AT&T and Verizon, the dominant telephone companies, want to end their 99-year-old universal service obligation known as "provider of last resort." They say universal landline service is a costly and unfair anachronism that is no longer justified because of a competitive market for voice services. The new rules AT&T and Verizon drafted would enhance profits by letting them serve only the customers they want. Their focus, and that of smaller phone companies that have the same universal service obligation, is on well-populated areas where people can afford profitable packages that combine telephone, Internet and cable television.What happens when the states hand over authority to these companies? David has an answer:
AT&T and Verizon also want to end state authority to resolve customer complaints, saying the market will punish bad behavior. Tell that to Stefanie Brand. Brand is New Jersey's ratepayer advocate whose experience trying to get another kind of service - FiOS - demonstrates what happens when market forces are left to punish behavior, she said. Residents of her apartment building wanted to get wired for the fiber optic service (FiOS) in 2008. Residents said, "We want to see your plans before you start drilling holes, and Verizon said, 'We will drill where we want or else, so we're walking,' and they did," Brand told me. Verizon confirmed that because of the disagreement Brand's building is not wired. And there's nothing Brand can do about it. Verizon reminded me the state Board of Public Utilities no longer has authority to resolve complaints over FiOS.Better broadband is not just about technology.

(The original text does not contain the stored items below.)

lemma gen_mobius_eq_alternating_sum:
  assumes "finite S" "X \<subseteq> S"
  shows "gen_mobius S C X = (\<Sum>Y | Y \<in> C \<and> X \<subseteq> Y \<and> Y \<subseteq> S. (-1) ^ (card Y + card X))"
  using assms
proof (induction S C X rule: gen_mobius.induct)
  case (1 S C X)
  define A where "A = {Y. X \<subset> Y \<and> Y \<subseteq> S}"
  have finA: "finite A"
    unfolding A_def by (rule finite_subset[of _ "Pow S"]) (use \<open>finite S\<close> in auto)
  have IH: "gen_mobius S C Y = (\<Sum>W | W \<in> A \<inter> C \<and> Y \<subseteq> W. (-1) ^ (card W + card Y))"
    if "Y \<in> A" for Y
  proof -
    have "{W. W \<in> C \<and> Y \<subseteq> W \<and> W \<subseteq> S} = {W. W \<in> A \<inter> C \<and> Y \<subseteq> W}"
      using that unfolding A_def by auto
    then show ?thesis
      using 1 that unfolding A_def by auto
  qed
  have "(\<Sum>Y\<in>A. gen_mobius S C Y) = (\<Sum>Y\<in>A. \<Sum>W | W \<in> A \<inter> C \<and> Y \<subseteq> W. (-1) ^ (card W + card Y))"
    by (simp add: IH)
  also have "\<dots> = (\<Sum>W\<in>A \<inter> C. \<Sum>Y | Y \<in> A \<and> Y \<subseteq> W. (-1) ^ (card W + card Y))"
    using finA by (intro sum.swap_restrict) auto
  also have "\<dots> = (\<Sum>W\<in>A \<inter> C. (-1) ^ card W * (\<Sum>Y | X \<subset> Y \<and> Y \<subseteq> W. (-1) ^ card Y))"
    unfolding power_add sum_distrib_left A_def
    by (intro sum.cong refl arg_cong2[where f = sum]) auto
  also have "\<dots> = - (\<Sum>W\<in>A \<inter> C. (-1) ^ (card W + card X))"
    unfolding power_add sum_negf[symmetric]
  proof (rule sum.cong)
    fix W assume "W \<in> A \<inter> C"
    then have "finite W" "X \<subset> W"
      using \<open>finite S\<close> by (auto simp: A_def finite_subset)
    from sum_neg_one_power_strict_supersets[OF this]
    show "(-1::int) ^ card W * (\<Sum>Y | X \<subset> Y \<and> Y \<subseteq> W. (-1) ^ card Y) = - ((-1) ^ card W * (-1) ^ card X)"
      by simp
  qed simp
  finally have "gen_mobius S C X = (if X \<in> C then 1 else 0) + (\<Sum>W\<in>A \<inter> C. (-1) ^ (card W + card X))"
    using 1 by (subst gen_mobius.simps) (simp add: A_def)
  moreover have "{Y. Y \<in> C \<and> X \<subseteq> Y \<and> Y \<subseteq> S} = (if X \<in> C then insert X (A \<inter> C) else A \<inter> C)"
    using 1 by (auto simp: A_def)
  ultimately show ?case
    using finA by (simp add: A_def)
qed

lemma UN_in_dot_algebra:
  assumes "finite K" "disjoint_family_on A K" "\<And>k. k \<in> K \<Longrightarrow> A k \<in> dot_algebra F"
  shows "(\<Union>k\<in>K. A k) \<in> dot_algebra F"
  using assms
proof (induction K rule: finite_induct)
  case empty
  show ?case by (simp add: dot_algebra.empty)
next
  case (insert k K)
  have "A k \<inter> (\<Union>j\<in>K. A j) = {}"
    using insert.hyps(2) insert.prems(1) by (fastforce simp: disjoint_family_on_def)
  then show ?case
    using insert by (auto intro: dot_algebra.disj_union disjoint_family_on_mono)
qed

lemma finite_in_dot_algebra:
  assumes "finite A" "\<And>x. x \<in> A \<Longrightarrow> {x} \<in> dot_algebra F"
  shows "A \<in> dot_algebra F"
  using UN_in_dot_algebra[of A "\<lambda>x. {x}"] assms by (simp add: disjoint_family_on_def)

lemma dot_algebra_pair_trans:
  assumes "{a, b} \<in> dot_algebra F" "{b, c} \<in> dot_algebra F" "{c, d} \<in> dot_algebra F"
    and "distinct [a, b, c, d]"
  shows "{a, d} \<in> dot_algebra F"
proof -
  have "{a, b} \<union> {c, d} \<in> dot_algebra F"
    using assms by (intro dot_algebra.disj_union) auto
  then have "({a, b} \<union> {c, d}) - {b, c} \<in> dot_algebra F"
    using assms(2) by (rule dot_algebra.subset_diff) auto
  moreover have "({a, b} \<union> {c, d}) - {b, c} = {a, d}"
    using assms(4) by auto
  ultimately show ?thesis by simp
qed

lemma balanced_in_dot_algebra:
  assumes "finite A" "card {x\<in>A. P x} = card {x\<in>A. \<not> P x}"
    and "\<And>x y. x \<in> A \<Longrightarrow> y \<in> A \<Longrightarrow> P x \<Longrightarrow> \<not> P y \<Longrightarrow> {x, y} \<in> dot_algebra F"
  shows "A \<in> dot_algebra F"
proof -
  have "finite {x\<in>A. P x}" "finite {x\<in>A. \<not> P x}"
    using assms(1) by simp_all
  then obtain h where h: "bij_betw h {x\<in>A. P x} {x\<in>A. \<not> P x}"
    using assms(2) finite_same_card_bij by blast
  have "A = (\<Union>x\<in>{x\<in>A. P x}. {x, h x})"
    using bij_betw_imp_surj_on[OF h] bij_betwE[OF h] by auto
  also have "\<dots> \<in> dot_algebra F"
  proof (rule UN_in_dot_algebra)
    show "finite {x\<in>A. P x}"
      using assms(1) by simp
    show "disjoint_family_on (\<lambda>x. {x, h x}) {x\<in>A. P x}"
      using bij_betw_imp_inj_on[OF h] bij_betwE[OF h] by (auto simp: disjoint_family_on_def inj_on_eq_iff)
    show "{x, h x} \<in> dot_algebra F" if "x \<in> {x\<in>A. P x}" for x
      using that bij_betwE[OF h] assms(3) by auto
  qed
  finally show ?thesis .
qed

locale principal_downsets_but_one =
  fixes I :: "'a set set" and Z :: "'a set" and F :: "'a set set set"
  assumes finite_member: "X \<in> I \<Longrightarrow> finite X"
    and downward_closed: "X \<in> I \<Longrightarrow> Y \<subseteq> X \<Longrightarrow> Y \<in> I"
    and Pow_in_dot_algebra: "X \<in> I \<Longrightarrow> X \<noteq> Z \<Longrightarrow> Pow X \<in> dot_algebra F"
begin

lemma singleton_in_dot_algebra:
  assumes "X \<in> I" "\<not> Z \<subseteq> X"
  shows "{X} \<in> dot_algebra F"
  using finite_member[OF assms(1)] assms
proof (induction X rule: finite_psubset_induct)
  case (psubset X)
  have "Pow X - {X} \<in> dot_algebra F"
  proof (rule finite_in_dot_algebra)
    show "finite (Pow X - {X})"
      using psubset.hyps(1) by simp
    show "{W} \<in> dot_algebra F" if "W \<in> Pow X - {X}" for W
      using that psubset downward_closed by blast
  qed
  with psubset.prems have "Pow X - (Pow X - {X}) \<in> dot_algebra F"
    by (auto intro: dot_algebra.subset_diff Pow_in_dot_algebra)
  moreover have "Pow X - (Pow X - {X}) = {X}"
    by auto
  ultimately show ?case
    by simp
qed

In truly competitive markets that display some degree of commodity-like characteristics, large and small vendors tend to coexist. I'm drinking coffee right now, which is a good example. Maybe Maxwell House and Folgers (and their parent companies) have a large share of the market, competing on price for their swill. But there is plenty of room for others to differentiate their product. Dunkin and Starbucks have built huge chains on their own style of semi-premium product, while another couple of niches of premium and superpremium beans are easy enough to find. Food markets tend to be like this; check out any Whole Foods (a/k/a The Museum of Modern Vegetables) for a supply of priced-above-commodity products. I feel foolish for selling most (not all, thankfully) of my Whole Foods stock when it was in the dumps a couple of years ago. The same thing happens in many fields. Apple itself sells computers above commodity price levels. There's a whole "high end" audio business catering to those who like to show off how much they can afford to spend. The automobile industry has mass-market commodity cars and several premium tiers. Internet access in the US lacks that because the natural monopoly on outside plant is not properly regulated. If it were treated here by EU norms, then any number of ISPs could access the wire. Some would just be cheap; some would offer premium help desks among their services. That doesn't happen, however, when the usual number of "competitors" is two. Even more so when those competitors agree that they should divide up markets between themselves rather than overbuild, or (heaven forbid) let outside information providers onto their facilities. The wire should be regulated. ISPs shouldn't.Amen. Physical connections are a natural monopoly. Even if the economics supported many physical providers, having so many would be terribly inefficient. Much better to have networks that are owned by the community and have independent service providers competing to deliver services -- just like the roads.